The New Zealand Commerce Commission (NZCC) does not have power to determine that the act has been violated and cannot impose penalties. If the NZCC considers that the concentration violates the competition act, it must refer the case to prosecution before the courts.

The undertakings concerned may seek clearance from the NZCC under the voluntary pre-notification regime. The NZCC recommends that the undertakings concerned apply for a pre-merger clearance if the concentration exceeds the below thresholds. A transaction is unlikely to raise competition concerns if it falls within the below thresholds:

  • the undertakings concerned have a combined market share of less than 40%, and the three businesses in the market with the largest market shares have a combined market share of less than 70%; or
  • where the three businesses in the market with the largest market shares have a combined market share of 70% or more, the undertakings concerned have a combined market share of less than 20%.

Whilst the NZCC recommends applying for clearance if the transaction exceeds the thresholds, in practice, the majority of transactions granted clearance exceed the thresholds.

2.3.2 For each threshold, can the threshold be triggered by only one undertaking having local turnover?

Not applicable.

2.3.3 For each threshold, can the threshold be triggered without any undertaking having local turnover?

Not applicable.

2.3.4 Are there any circumstances where transactions falling below these thresholds may be still investigated?

As the “thresholds” are only indicators, the New Zealand Commerce Commission may investigate any acquisition of assets or shares which would have the effect of substantially lessening the competition in New Zealand.

2.4 Other national thresholds for ex ante merger control (e.g. sector-specific rules)

2.4.1 Relevant thresholds for sector-specific or other ex ante merger control rules?

Specific rules apply in the farming and fishing industries.

2.5 Foreign-to-foreign mergers

2.5.1 Do any exemptions, special thresholds etc. apply to foreign-to-foreign mergers, i.e. where none of the undertakings concerned is domiciled in the jurisdiction?

Specific rules apply to foreign acquisitions of “significant business assets”.

“Signification business assets” is defined as either of the total expenditure involved, price paid or gross value of the assets of the target exceeds NZD 100,000,000.

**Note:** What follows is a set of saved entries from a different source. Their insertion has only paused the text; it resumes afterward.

lemma card_legs_starting_in_or_before_block:
  "card {i\<in>{1..m}. spider_block m l (i,1) = b} + card {i\<in>{1..m}. spider_block m l (i,1) < b}
    \<le> m"
proof -
  have "card {i\<in>{1..m}. spider_block m l (i,1) = b} + card {i\<in>{1..m}. spider_block m l (i,1) < b}
      = card ({i\<in>{1..m}. spider_block m l (i,1) = b} \<union> {i\<in>{1..m}. spider_block m l (i,1) < b})"
    by (rule card_Un_disjoint[symmetric]) auto
  also have "\<dots> \<le> card {1..m}" by (intro card_mono) auto
  finally show ?thesis by simp
qed

lemma card_block_first_vertices:
  "card {z\<in>spider_verts m l. spider_block m l z = b \<and> snd z = 1}
    \<le> card {i\<in>{1..m}. spider_block m l (i,1) = b}"
proof -
  let ?I = "{i\<in>{1..m}. spider_block m l (i,1) = b}"
  have "{z\<in>spider_verts m l. spider_block m l z = b \<and> snd z = 1} \<subseteq> (\<lambda>i. (i,1)) ` ?I"
    by (auto simp: mem_spider_verts_iff image_iff prod_eq_iff)
  then have "card {z\<in>spider_verts m l. spider_block m l z = b \<and> snd z = 1}
      \<le> card ((\<lambda>i. (i,1::nat)) ` ?I)"
    by (intro card_mono) auto
  also have "\<dots> \<le> card {i\<in>{1..m}. spider_block m l (i,1) = b}" by (rule card_image_le) simp
  finally show ?thesis .
qed

text \<open>
  If the vertex at position p has depth at most two, the last vertex of the previous leg lies at
  most two positions before p; if that leg is short too, then by monotonicity all earlier legs
  have length at most two, which cannot reach position 2m + 3.
\<close>

lemma deep_leg_vertex_near:
  assumes mono: "\<And>i j. 1 \<le> i \<Longrightarrow> i \<le> j \<Longrightarrow> j \<le> m \<Longrightarrow> l i \<le> l j"
    and "2 * m + 3 \<le> p" and "p < card (spider_verts m l)"
  shows "\<exists>z\<in>spider_verts m l.
    1 \<le> fst z \<and> 3 \<le> snd z \<and> p \<le> spider_pos l z + 2 \<and> spider_pos l z \<le> p"
proof -
  obtain x where x: "x \<in> spider_verts m l" "spider_pos l x = p"
    using bij_betw_imp_surj_on[OF bij_spider_pos] assms(3) by (metis imageE lessThan_iff)
  then have "x \<noteq> (0,0)" using assms(2) by (auto simp: spider_pos_def)
  then have x_leg: "1 \<le> fst x" "fst x \<le> m" "snd x \<le> l (fst x)"
    using x(1) by (auto simp: mem_spider_verts_iff)
  have pos_x: "p = leg_offset l (fst x) + snd x" using x(2) x_leg(1) by (simp add: spider_pos_def)
  show ?thesis
  proof (cases "3 \<le> snd x")
    case True
    then show ?thesis using x x_leg by auto
  next
    case False
    then have offset_large: "p \<le> leg_offset l (fst x) + 2" using pos_x by linarith
    moreover have "leg_offset l 1 = 0" by (simp add: leg_offset_def)
    ultimately have "fst x \<noteq> 1" using assms(2) by auto
    define i where "i = fst x - 1"
    have i: "fst x = Suc i" "1 \<le> i" using x_leg(1) \<open>fst x \<noteq> 1\<close> unfolding i_def by auto
    have pos_last: "spider_pos l (i, l i) = leg_offset l (fst x)"
      using i by (simp add: spider_pos_def leg_offset_Suc)
    show ?thesis
    proof (cases "3 \<le> l i")
      case True
      then have "(i, l i) \<in> spider_verts m l" using i x_leg(2) by (auto simp: mem_spider_verts_iff)
      then show ?thesis
        using True i(2) pos_last offset_large pos_x by (intro bexI[of _ "(i, l i)"]) auto
    next
      case False
      have "l i' \<le> 2" if "i' \<in> {1..<fst x}" for i'
        using that i x_leg(2) mono[of i' i] False by auto
      then have "leg_offset l (fst x) \<le> (\<Sum>i'\<in>{1..<fst x}. 2)"
        unfolding leg_offset_def by (rule sum_mono)
      then have "leg_offset l (fst x) \<le> 2 * m - 2" using x_leg(2) by simp
      then show ?thesis using offset_large assms(2) by linarith
    qed
  qed
qed

lemma full_block_has_vertex_without_earlier_nbrs:
  assumes "3 \<le> m" and "\<And>i j. 1 \<le> i \<Longrightarrow> i \<le> j \<Longrightarrow> j \<le> m \<Longrightarrow> l i \<le> l j"
    and "1 \<le> b" and "b * (m + 2) + (m + 1) < card (spider_verts m l)"
  shows "\<exists>z\<in>spider_verts m l. spider_block m l z = b \<and> spider_earlier_nbrs m l z = {}"
proof -
  have "1 * (m + 2) \<le> b * (m + 2)" using assms(3) by (rule mult_le_mono1)
  then obtain z where z: "z \<in> spider_verts m l" "1 \<le> fst z" "3 \<le> snd z"
    and near: "b * (m + 2) + (m + 1) \<le> spider_pos l z + 2"
      "spider_pos l z \<le> b * (m + 2) + (m + 1)"
    using deep_leg_vertex_near[OF assms(2) _ assms(4)] by auto
  have "spider_block m l z = b" unfolding spider_block_eq_iff using near assms(1) by linarith
  moreover have "spider_block m l z * (m + 2) + 2 \<le> spider_pos l z"
    unfolding \<open>spider_block m l z = b\<close> using near assms(1) by linarith
  ultimately show ?thesis using earlier_nbrs_inner_vertex_empty[OF z] z(1) by blast
qed

lemma card_block_first_vertices_le:
  assumes "1 \<le> b" and "1 \<le> m"
  shows "card {z\<in>spider_verts m l. spider_block m l z = b \<and> snd z = 1}
      + card {i\<in>{1..m}. spider_block m l (i,1) < b} \<le> m"
    and "1 \<le> card {i\<in>{1..m}. spider_block m l (i,1) < b}"
proof -
  show "card {z\<in>spider_verts m l. spider_block m l z = b \<and> snd z = 1}
      + card {i\<in>{1..m}. spider_block m l (i,1) < b} \<le> m"
    using card_block_first_vertices[of b] card_legs_starting_in_or_before_block[of b] by linarith
  have "1 \<in> {i\<in>{1..m}. spider_block m l (i,1) < b}"
    using assms first_leg_starts_in_block_0 by simp
  then have "0 < card {i\<in>{1..m}. spider_block m l (i,1) < b}" by (subst card_gt_0_iff) auto
  then show "1 \<le> card {i\<in>{1..m}. spider_block m l (i,1) < b}" by simp
qed

lemma card_block_many_earlier_nbrs:
  assumes "1 \<le> b" and "w < m"
  shows "card {z\<in>spider_verts m l.
    spider_block m l z = b \<and> m + 2 - w \<le> card (spider_earlier_nbrs m l z)} \<le> w"
proof -
  let ?S = "{z\<in>spider_verts m l.
    spider_block m l z = b \<and> m + 2 - w \<le> card (spider_earlier_nbrs m l z)}"
  let ?F = "{z\<in>spider_verts m l. spider_block m l z = b \<and> snd z = 1}"
  let ?e = "card {i\<in>{1..m}. spider_block m l (i,1) < b}"
  have "?S \<subseteq> ?F"
  proof
    fix z assume z: "z \<in> ?S"
    then have leg: "z \<in> spider_verts m l" "1 \<le> fst z" "1 \<le> snd z"
      using leg_vertex_if_block_nonzero[of z] assms(1) by auto
    show "z \<in> ?F"
    proof (rule ccontr)
      assume "z \<notin> ?F"
      then have "2 \<le> snd z" using z leg by auto
      then show False using card_earlier_nbrs_inner_vertex[OF leg(1,2)] z assms(2) by auto
    qed
  qed
  show ?thesis
  proof (cases "?S = {}")
    case False
    then obtain z where z: "z \<in> ?S" by blast
    with \<open>?S \<subseteq> ?F\<close> have "z \<in> spider_verts m l" "spider_block m l z = b" "snd z = 1"
      and "m + 2 - w \<le> card (spider_earlier_nbrs m l z)"
      by auto
    then have "m + 2 - w \<le> Suc ?e"
      using card_earlier_nbrs_first_vertex[of z] leg_vertex_if_block_nonzero[of z] assms(1) by auto
    moreover have "card ?S \<le> card ?F"
      using \<open>?S \<subseteq> ?F\<close> finite_spider_verts by (intro card_mono) auto
    ultimately show ?thesis using card_block_first_vertices_le(1)[OF assms(1)] assms(2) by linarith
  next
    case True
    then show ?thesis by (simp only: card.empty le0)
  qed
qed

lemma card_block_two_earlier_nbrs:
  assumes "1 \<le> b" and "1 \<le> m"
  shows "card {z\<in>spider_verts m l. spider_block m l z = b \<and> 2 \<le> card (spider_earlier_nbrs m l z)}
    \<le> m"
proof -
  let ?S = "{z\<in>spider_verts m l. spider_block m l z = b \<and> 2 \<le> card (spider_earlier_nbrs m l z)}"
  let ?F = "{z\<in>spider_verts m l. spider_block m l z = b \<and> snd z = 1}"
  let ?start = "{z\<in>spider_verts m l. spider_pos l z = b * (m + 2)}"
  have "?S \<subseteq> ?F \<union> ?start"
  proof
    fix z assume z: "z \<in> ?S"
    then have leg: "z \<in> spider_verts m l" "1 \<le> fst z" "1 \<le> snd z"
      using leg_vertex_if_block_nonzero[of z] assms(1) by auto
    show "z \<in> ?F \<union> ?start"
    proof (rule ccontr)
      assume "z \<notin> ?F \<union> ?start"
      then have "2 \<le> snd z" "spider_pos l z \<noteq> spider_block m l z * (m + 2)" using z leg by auto
      then show False using card_earlier_nbrs_inner_vertex_not_block_start[OF leg(1,2)] z by auto
    qed
  qed
  then have "card ?S \<le> card (?F \<union> ?start)" using finite_spider_verts by (intro card_mono) auto
  also have "\<dots> \<le> card ?F + card ?start" by (rule card_Un_le)
  also have "\<dots> \<le> card ?F + 1" by (rule add_left_mono[OF card_spider_pos_eq_le_1])
  finally show ?thesis using card_block_first_vertices_le[OF assms] by linarith
qed

lemma card_block_some_earlier_nbr:
  assumes "3 \<le> m" and "\<And>i j. 1 \<le> i \<Longrightarrow> i \<le> j \<Longrightarrow> j \<le> m \<Longrightarrow> l i \<le> l j" and "1 \<le> b"
  shows "card {z\<in>spider_verts m l. spider_block m l z = b \<and> 1 \<le> card (spider_earlier_nbrs m l z)}
    \<le> m + 1"
proof -
  let ?S = "{z\<in>spider_verts m l. spider_block m l z = b \<and> 1 \<le> card (spider_earlier_nbrs m l z)}"
  let ?B = "{z\<in>spider_verts m l. spider_block m l z = b}"
  show ?thesis
  proof (cases "b * (m + 2) + (m + 1) < card (spider_verts m l)")
    case True
    then obtain z0 where z0: "z0 \<in> ?B" "spider_earlier_nbrs m l z0 = {}"
      using full_block_has_vertex_without_earlier_nbrs[OF assms] by blast
    then have "card ?S \<le> card (?B - {z0})" using finite_spider_verts by (intro card_mono) auto
    also have "\<dots> = card ?B - 1" using z0 finite_spider_verts by simp
    finally show ?thesis using card_spider_block_le[of b] by linarith
  next
    case False
    have "card ?S \<le> card ?B" using finite_spider_verts by (intro card_mono) auto
    then show ?thesis using card_spider_block_le_remaining[of b] False by linarith
  qed
qed

lemma spider_block_condition:
  assumes "3 \<le> m" and "\<And>i j. 1 \<le> i \<Longrightarrow> i \<le> j \<Longrightarrow> j \<le> m \<Longrightarrow> l i \<le> l j"
  shows "card {z\<in>spider_verts m l.
    spider_block m l z = b \<and> m + 2 - card (spider_earlier_nbrs m l z) \<le> w} \<le> w"
proof -
  let ?S = "{z\<in>spider_verts m l.
    spider_block m l z = b \<and> m + 2 - card (spider_earlier_nbrs m l z) \<le> w}"
  consider "m + 2 \<le> w" | "b = 0" "w < m + 2" | "1 \<le> b" "w < m" | "1 \<le> b" "w = m"
    | "1 \<le> b" "w = m + 1"
    by linarith
  then show ?thesis
  proof cases
    case 1
    have "card ?S \<le> card {z\<in>spider_verts m l. spider_block m l z = b}"
      using finite_spider_verts by (intro card_mono) auto
    then show ?thesis using card_spider_block_le[of b] 1 by linarith
  next
    case 2
    then have "?S = {}" by (auto simp: earlier_nbrs_def)
    then show ?thesis by (simp only: card.empty le0)
  next
    case 3
    then have "?S = {z\<in>spider_verts m l.
      spider_block m l z = b \<and> m + 2 - w \<le> card (spider_earlier_nbrs m l z)}" by auto
    then show ?thesis using card_block_many_earlier_nbrs[OF 3] by (simp only:)
  next
    case 4
    then have "?S = {z\<in>spider_verts m l.
      spider_block m l z = b \<and> 2 \<le> card (spider_earlier_nbrs m l z)}" by auto
    then show ?thesis using card_block_two_earlier_nbrs[of b] 4 assms(1) by simp
  next
    case 5
    then have "?S = {z\<in>spider_verts m l.
      spider_block m l z = b \<and> 1 \<le> card (spider_earlier_nbrs m l z)}" by auto
    then show ?thesis using card_block_some_earlier_nbr[OF assms 5(1)] 5(2) by simp
  qed
qed

lemma spider_block_less_ceiling:
  assumes "z \<in> spider_verts m l"
  shows "spider_block m l z < nat \<lceil>real (card (spider_verts m l)) / real (m + 2)\<rceil>"
  unfolding spider_block_def
  using spider_pos_less_card[OF assms] by (rule div_less_nat_ceiling) simp

end

theorem lemma2p4:
  fixes m :: nat and l :: "nat \<Rightarrow> nat"
  assumes "m \<ge> 3"
    and "\<And>i. 1 \<le> i \<Longrightarrow> i \<le> m \<Longrightarrow> l i \<ge> 1"
    and "\<And>i j. 1 \<le> i \<Longrightarrow> i \<le> j \<Longrightarrow> j \<le> m \<Longrightarrow> l i \<le> l j"
  shows "equitably_choosable (spider_verts m l)
           (graph_square (spider_verts m l) (spider_adj m l)) (m + 2)"
proof (rule equitably_choosable_by_blocks[where \<beta> = "spider_block m l"])
  show "finite (spider_verts m l)" by (rule finite_spider_verts)
  show "\<forall>x\<in>spider_verts m l. \<not> graph_square (spider_verts m l) (spider_adj m l) x x"
    by (simp add: graph_square_def)
  show "\<forall>x\<in>spider_verts m l.
      spider_block m l x < nat \<lceil>real (card (spider_verts m l)) / real (m + 2)\<rceil>"
    using spider_block_less_ceiling by blast
  show "card {z\<in>spider_verts m l.
      spider_block m l z = b \<and> m + 2 - card (spider_earlier_nbrs m l z) \<le> w} \<le> w" for b w
    by (rule spider_block_condition[OF assms(1,3)])
qed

A foreigner is defined as an “overseas person” who

  • is not a citizen of, or ordinarily a resident of, New Zealand;
  • is a partnership, corporate body of trust with 25% or more ownership or control held by an overseas person by reference to certain factors (e.g. composition of management or beneficial ownership), or
  • a company incorporated outside New Zealand, or a company in which a person holds 25% or more of the shares or voting rights (directly or indirectly), or power to control 25% or more of management.

Foreign acquisition is also caught by the merger regime rules if the overseas person has acquired a controlling interest in a New Zealand corporation through acquisition outside New Zealand of the assets or shares of that corporation.

A “controlling interest” regarding foreign acquisition is defined as the overseas person:

  • controlling the management;
  • holding more than 20% of the votes, shares or right to receive dividend;
  • being the holding company, or
  • holding assets of the New Zealand corporation which gives them effective control over the corporation.

3. Calculation and allocation of turnover, asset value, transaction value etc.

3.3 Relevant undertakings for the calculation of turnover

3.3.1 The undertakings whose turnover is taken into account?

The transaction is considered on a group level and parent companies and subsidiaries and other interconnected and associated companies should be considered as if they were one corporate body.

3.3.2 Shall the turnover of the existing seller be included in the target's group turnover?

Not applicable.

3.6 Calculation of other thresholds

3.6.1 The principles for calculation of metrics for other thresholds (e.g. transaction value, market share, share of supply etc.)?

The transaction is considered on a group level and parent companies and subsidiaries and other interconnected and associated companies should be considered as if they were one corporate body.